- Task description -
Quote verbatim the span of lines that begins the listing below and closes with the line containing "((nat \<times> nat)".

Top of Data to use

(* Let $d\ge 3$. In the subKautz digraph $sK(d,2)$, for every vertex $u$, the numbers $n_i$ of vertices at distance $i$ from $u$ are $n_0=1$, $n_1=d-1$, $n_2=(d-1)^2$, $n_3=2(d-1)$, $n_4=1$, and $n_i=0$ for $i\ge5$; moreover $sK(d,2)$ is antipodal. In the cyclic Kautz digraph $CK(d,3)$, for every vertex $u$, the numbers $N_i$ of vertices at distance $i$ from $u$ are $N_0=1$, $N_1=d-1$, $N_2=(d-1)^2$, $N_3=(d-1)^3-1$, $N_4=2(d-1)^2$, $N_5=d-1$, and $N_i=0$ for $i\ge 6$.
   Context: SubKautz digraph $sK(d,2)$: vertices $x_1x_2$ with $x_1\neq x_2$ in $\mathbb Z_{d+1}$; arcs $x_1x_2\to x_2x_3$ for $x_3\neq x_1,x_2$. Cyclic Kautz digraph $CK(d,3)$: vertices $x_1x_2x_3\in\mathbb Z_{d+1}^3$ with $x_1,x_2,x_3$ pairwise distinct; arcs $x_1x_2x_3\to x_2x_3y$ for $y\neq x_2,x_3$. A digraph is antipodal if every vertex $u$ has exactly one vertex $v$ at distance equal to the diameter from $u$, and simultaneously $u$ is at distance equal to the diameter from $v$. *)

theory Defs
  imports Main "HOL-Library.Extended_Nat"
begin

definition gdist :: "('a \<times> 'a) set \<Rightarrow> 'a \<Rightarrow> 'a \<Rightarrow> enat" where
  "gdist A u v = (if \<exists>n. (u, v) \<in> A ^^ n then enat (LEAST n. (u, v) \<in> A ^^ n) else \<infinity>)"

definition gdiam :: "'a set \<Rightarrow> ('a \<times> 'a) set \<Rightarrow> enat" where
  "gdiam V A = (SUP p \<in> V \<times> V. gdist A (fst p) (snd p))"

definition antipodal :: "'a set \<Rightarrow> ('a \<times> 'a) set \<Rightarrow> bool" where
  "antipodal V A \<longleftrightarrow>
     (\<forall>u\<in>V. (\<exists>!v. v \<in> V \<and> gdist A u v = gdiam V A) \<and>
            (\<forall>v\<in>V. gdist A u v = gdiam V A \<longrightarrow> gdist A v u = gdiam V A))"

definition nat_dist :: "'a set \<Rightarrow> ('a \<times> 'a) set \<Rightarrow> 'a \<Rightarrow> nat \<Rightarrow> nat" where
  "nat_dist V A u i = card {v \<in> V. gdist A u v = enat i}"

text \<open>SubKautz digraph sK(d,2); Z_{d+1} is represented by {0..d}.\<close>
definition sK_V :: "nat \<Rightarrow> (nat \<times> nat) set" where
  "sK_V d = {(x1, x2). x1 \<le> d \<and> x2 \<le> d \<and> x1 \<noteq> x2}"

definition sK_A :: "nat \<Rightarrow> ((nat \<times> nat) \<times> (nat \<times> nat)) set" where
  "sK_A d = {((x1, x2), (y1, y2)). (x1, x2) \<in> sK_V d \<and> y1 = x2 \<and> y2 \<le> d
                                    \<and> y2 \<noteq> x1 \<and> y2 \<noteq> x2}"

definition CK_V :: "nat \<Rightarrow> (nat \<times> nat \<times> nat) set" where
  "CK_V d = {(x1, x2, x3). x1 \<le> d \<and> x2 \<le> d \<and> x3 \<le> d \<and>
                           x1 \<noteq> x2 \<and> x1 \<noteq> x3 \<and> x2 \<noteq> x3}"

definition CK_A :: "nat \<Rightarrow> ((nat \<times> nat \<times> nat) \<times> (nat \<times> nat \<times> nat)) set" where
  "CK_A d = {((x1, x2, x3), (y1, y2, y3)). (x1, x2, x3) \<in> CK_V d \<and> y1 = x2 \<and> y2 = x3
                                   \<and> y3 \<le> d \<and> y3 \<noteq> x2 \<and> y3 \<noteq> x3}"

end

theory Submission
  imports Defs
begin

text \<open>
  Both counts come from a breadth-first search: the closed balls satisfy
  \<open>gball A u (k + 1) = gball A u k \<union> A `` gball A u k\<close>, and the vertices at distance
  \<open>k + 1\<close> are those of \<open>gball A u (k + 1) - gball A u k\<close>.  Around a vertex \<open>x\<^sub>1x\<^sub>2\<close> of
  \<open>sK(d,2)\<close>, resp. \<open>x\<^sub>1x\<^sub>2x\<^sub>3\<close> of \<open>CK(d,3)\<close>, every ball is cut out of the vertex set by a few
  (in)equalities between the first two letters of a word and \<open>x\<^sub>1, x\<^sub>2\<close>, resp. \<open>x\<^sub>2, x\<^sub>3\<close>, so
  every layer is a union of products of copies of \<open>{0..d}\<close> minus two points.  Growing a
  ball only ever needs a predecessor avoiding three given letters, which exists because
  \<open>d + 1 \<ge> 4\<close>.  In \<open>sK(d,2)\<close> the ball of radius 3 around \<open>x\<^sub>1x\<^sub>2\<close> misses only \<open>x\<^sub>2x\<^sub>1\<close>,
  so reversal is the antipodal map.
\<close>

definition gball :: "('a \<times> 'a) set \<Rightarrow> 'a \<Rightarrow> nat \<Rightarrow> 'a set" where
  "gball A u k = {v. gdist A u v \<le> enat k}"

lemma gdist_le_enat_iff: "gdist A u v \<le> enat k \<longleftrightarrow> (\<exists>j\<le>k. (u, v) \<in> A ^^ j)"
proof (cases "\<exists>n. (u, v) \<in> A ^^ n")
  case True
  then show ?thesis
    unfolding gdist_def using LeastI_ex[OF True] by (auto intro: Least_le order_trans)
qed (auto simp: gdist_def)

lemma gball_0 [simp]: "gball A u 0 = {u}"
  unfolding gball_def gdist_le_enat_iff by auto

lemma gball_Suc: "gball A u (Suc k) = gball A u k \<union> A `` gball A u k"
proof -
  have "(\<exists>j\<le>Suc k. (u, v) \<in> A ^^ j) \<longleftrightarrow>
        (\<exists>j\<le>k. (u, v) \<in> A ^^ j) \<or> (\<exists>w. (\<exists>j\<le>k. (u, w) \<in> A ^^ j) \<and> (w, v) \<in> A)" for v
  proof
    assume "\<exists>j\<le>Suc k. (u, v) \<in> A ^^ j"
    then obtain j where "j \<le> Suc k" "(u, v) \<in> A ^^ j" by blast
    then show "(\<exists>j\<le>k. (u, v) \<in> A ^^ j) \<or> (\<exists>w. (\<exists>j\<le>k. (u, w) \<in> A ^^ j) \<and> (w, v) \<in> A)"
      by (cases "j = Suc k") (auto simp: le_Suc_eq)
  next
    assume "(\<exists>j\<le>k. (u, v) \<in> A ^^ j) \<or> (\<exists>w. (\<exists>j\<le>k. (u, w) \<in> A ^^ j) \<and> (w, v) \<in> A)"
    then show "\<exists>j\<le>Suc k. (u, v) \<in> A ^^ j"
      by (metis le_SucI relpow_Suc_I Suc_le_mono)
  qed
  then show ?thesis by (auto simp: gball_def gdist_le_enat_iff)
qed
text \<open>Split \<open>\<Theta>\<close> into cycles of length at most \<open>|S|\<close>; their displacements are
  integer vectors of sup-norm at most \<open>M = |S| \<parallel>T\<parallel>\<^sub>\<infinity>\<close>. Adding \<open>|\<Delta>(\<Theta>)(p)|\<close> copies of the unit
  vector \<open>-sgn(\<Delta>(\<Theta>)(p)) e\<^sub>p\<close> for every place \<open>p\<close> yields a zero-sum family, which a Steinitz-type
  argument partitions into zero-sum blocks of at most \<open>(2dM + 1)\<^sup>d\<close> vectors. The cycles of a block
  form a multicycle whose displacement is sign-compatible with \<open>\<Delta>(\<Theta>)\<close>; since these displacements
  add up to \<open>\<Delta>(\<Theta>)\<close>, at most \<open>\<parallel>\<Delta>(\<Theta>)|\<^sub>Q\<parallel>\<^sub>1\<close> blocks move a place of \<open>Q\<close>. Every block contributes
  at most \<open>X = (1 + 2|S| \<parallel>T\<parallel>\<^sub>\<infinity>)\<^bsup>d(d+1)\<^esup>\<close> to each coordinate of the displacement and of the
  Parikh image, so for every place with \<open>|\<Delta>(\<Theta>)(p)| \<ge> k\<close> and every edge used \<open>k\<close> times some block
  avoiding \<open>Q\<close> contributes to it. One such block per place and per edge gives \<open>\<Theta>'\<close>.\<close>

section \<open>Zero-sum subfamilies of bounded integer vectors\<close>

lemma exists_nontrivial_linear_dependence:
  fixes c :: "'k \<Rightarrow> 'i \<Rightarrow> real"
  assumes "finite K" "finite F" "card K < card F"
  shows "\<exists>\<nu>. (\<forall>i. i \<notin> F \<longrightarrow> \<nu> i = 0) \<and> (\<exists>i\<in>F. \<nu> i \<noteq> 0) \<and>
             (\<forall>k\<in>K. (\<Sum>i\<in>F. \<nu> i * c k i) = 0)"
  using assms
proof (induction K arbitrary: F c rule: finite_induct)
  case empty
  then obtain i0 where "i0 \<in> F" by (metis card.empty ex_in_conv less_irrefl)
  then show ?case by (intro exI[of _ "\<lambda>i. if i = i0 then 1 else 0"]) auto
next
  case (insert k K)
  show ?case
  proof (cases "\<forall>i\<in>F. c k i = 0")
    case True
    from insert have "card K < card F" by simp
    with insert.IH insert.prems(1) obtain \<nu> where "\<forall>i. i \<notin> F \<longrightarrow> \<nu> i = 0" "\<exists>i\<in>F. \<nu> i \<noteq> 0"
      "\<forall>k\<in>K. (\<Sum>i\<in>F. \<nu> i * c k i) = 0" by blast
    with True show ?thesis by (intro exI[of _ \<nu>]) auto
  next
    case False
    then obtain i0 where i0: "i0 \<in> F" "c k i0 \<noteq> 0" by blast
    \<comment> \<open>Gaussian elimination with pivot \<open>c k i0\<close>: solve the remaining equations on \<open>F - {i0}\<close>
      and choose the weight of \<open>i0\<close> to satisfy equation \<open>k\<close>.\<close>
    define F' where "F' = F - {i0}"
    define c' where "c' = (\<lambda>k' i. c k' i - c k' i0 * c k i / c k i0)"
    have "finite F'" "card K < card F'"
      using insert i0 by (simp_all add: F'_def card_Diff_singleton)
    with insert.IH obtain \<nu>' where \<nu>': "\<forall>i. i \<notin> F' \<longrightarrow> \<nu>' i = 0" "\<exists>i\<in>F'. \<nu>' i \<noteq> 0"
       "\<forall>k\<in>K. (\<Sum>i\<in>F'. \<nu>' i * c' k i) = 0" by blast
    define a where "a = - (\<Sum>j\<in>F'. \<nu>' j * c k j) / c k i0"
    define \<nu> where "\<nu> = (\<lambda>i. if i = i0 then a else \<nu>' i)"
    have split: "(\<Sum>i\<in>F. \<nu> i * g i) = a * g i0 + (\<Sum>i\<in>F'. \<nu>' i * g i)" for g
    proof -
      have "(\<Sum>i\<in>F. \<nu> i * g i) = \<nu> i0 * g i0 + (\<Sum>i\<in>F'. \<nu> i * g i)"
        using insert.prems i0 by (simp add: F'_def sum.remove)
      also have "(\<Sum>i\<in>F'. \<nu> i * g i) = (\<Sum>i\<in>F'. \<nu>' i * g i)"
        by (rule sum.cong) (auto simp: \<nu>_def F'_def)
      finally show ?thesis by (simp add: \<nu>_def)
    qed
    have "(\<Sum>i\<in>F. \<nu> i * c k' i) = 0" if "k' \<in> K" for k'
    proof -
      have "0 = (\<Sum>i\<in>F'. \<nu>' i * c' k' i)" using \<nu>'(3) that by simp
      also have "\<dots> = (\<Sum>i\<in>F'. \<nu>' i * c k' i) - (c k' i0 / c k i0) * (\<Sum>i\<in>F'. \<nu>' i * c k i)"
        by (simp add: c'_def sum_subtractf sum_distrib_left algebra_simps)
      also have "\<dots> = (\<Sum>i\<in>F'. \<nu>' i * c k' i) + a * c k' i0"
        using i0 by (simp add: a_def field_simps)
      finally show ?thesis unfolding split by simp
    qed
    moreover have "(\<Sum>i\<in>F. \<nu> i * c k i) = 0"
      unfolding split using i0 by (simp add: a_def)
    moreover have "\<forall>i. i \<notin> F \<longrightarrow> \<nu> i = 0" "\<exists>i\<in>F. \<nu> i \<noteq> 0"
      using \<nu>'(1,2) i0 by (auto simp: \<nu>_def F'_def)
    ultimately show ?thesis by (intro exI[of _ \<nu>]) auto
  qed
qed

Bottom of Data to use

- Answer area -
(* Let $d\ge 3$. In the subKautz digraph $sK(d,2)$, for every vertex $u$, the numbers $n_i$ of vertices at distance $i$ from $u$ are $n_0=1$, $n_1=d-1$, $n_2=(d-1)^2$, $n_3=2(d-1)$, $n_4=1$, and $n_i=0$ for $i\ge5$; moreover $sK(d,2)$ is antipodal. In the cyclic Kautz digraph $CK(d,3)$, for every vertex $u$, the numbers $N_i$ of vertices at distance $i$ from $u$ are $N_0=1$, $N_1=d-1$, $N_2=(d-1)^2$, $N_3=(d-1)^3-1$, $N_4=2(d-1)^2$, $N_5=d-1$, and $N_i=0$ for $i\ge 6$.
   Context: SubKautz digraph $sK(d,2)$: vertices $x_1x_2$ with $x_1\neq x_2$ in $\mathbb Z_{d+1}$; arcs $x_1x_2\to x_2x_3$ for $x_3\neq x_1,x_2$. Cyclic Kautz digraph $CK(d,3)$: vertices $x_1x_2x_3\in\mathbb Z_{d+1}^3$ with $x_1,x_2,x_3$ pairwise distinct; arcs $x_1x_2x_3\to x_2x_3y$ for $y\neq x_2,x_3$. A digraph is antipodal if every vertex $u$ has exactly one vertex $v$ at distance equal to the diameter from $u$, and simultaneously $u$ is at distance equal to the diameter from $v$. *)

theory Defs
  imports Main "HOL-Library.Extended_Nat"
begin

definition gdist :: "('a \<times> 'a) set \<Rightarrow> 'a \<Rightarrow> 'a \<Rightarrow> enat" where
  "gdist A u v = (if \<exists>n. (u, v) \<in> A ^^ n then enat (LEAST n. (u, v) \<in> A ^^ n) else \<infinity>)"

definition gdiam :: "'a set \<Rightarrow> ('a \<times> 'a) set \<Rightarrow> enat" where
  "gdiam V A = (SUP p \<in> V \<times> V. gdist A (fst p) (snd p))"

definition antipodal :: "'a set \<Rightarrow> ('a \<times> 'a) set \<Rightarrow> bool" where
  "antipodal V A \<longleftrightarrow>
     (\<forall>u\<in>V. (\<exists>!v. v \<in> V \<and> gdist A u v = gdiam V A) \<and>
            (\<forall>v\<in>V. gdist A u v = gdiam V A \<longrightarrow> gdist A v u = gdiam V A))"

definition nat_dist :: "'a set \<Rightarrow> ('a \<times> 'a) set \<Rightarrow> 'a \<Rightarrow> nat \<Rightarrow> nat" where
  "nat_dist V A u i = card {v \<in> V. gdist A u v = enat i}"

text \<open>SubKautz digraph sK(d,2); Z_{d+1} is represented by {0..d}.\<close>
definition sK_V :: "nat \<Rightarrow> (nat \<times> nat) set" where
  "sK_V d = {(x1, x2). x1 \<le> d \<and> x2 \<le> d \<and> x1 \<noteq> x2}"

definition sK_A :: "nat \<Rightarrow> ((nat \<times> nat) \<times> (nat \<times> nat)) set" where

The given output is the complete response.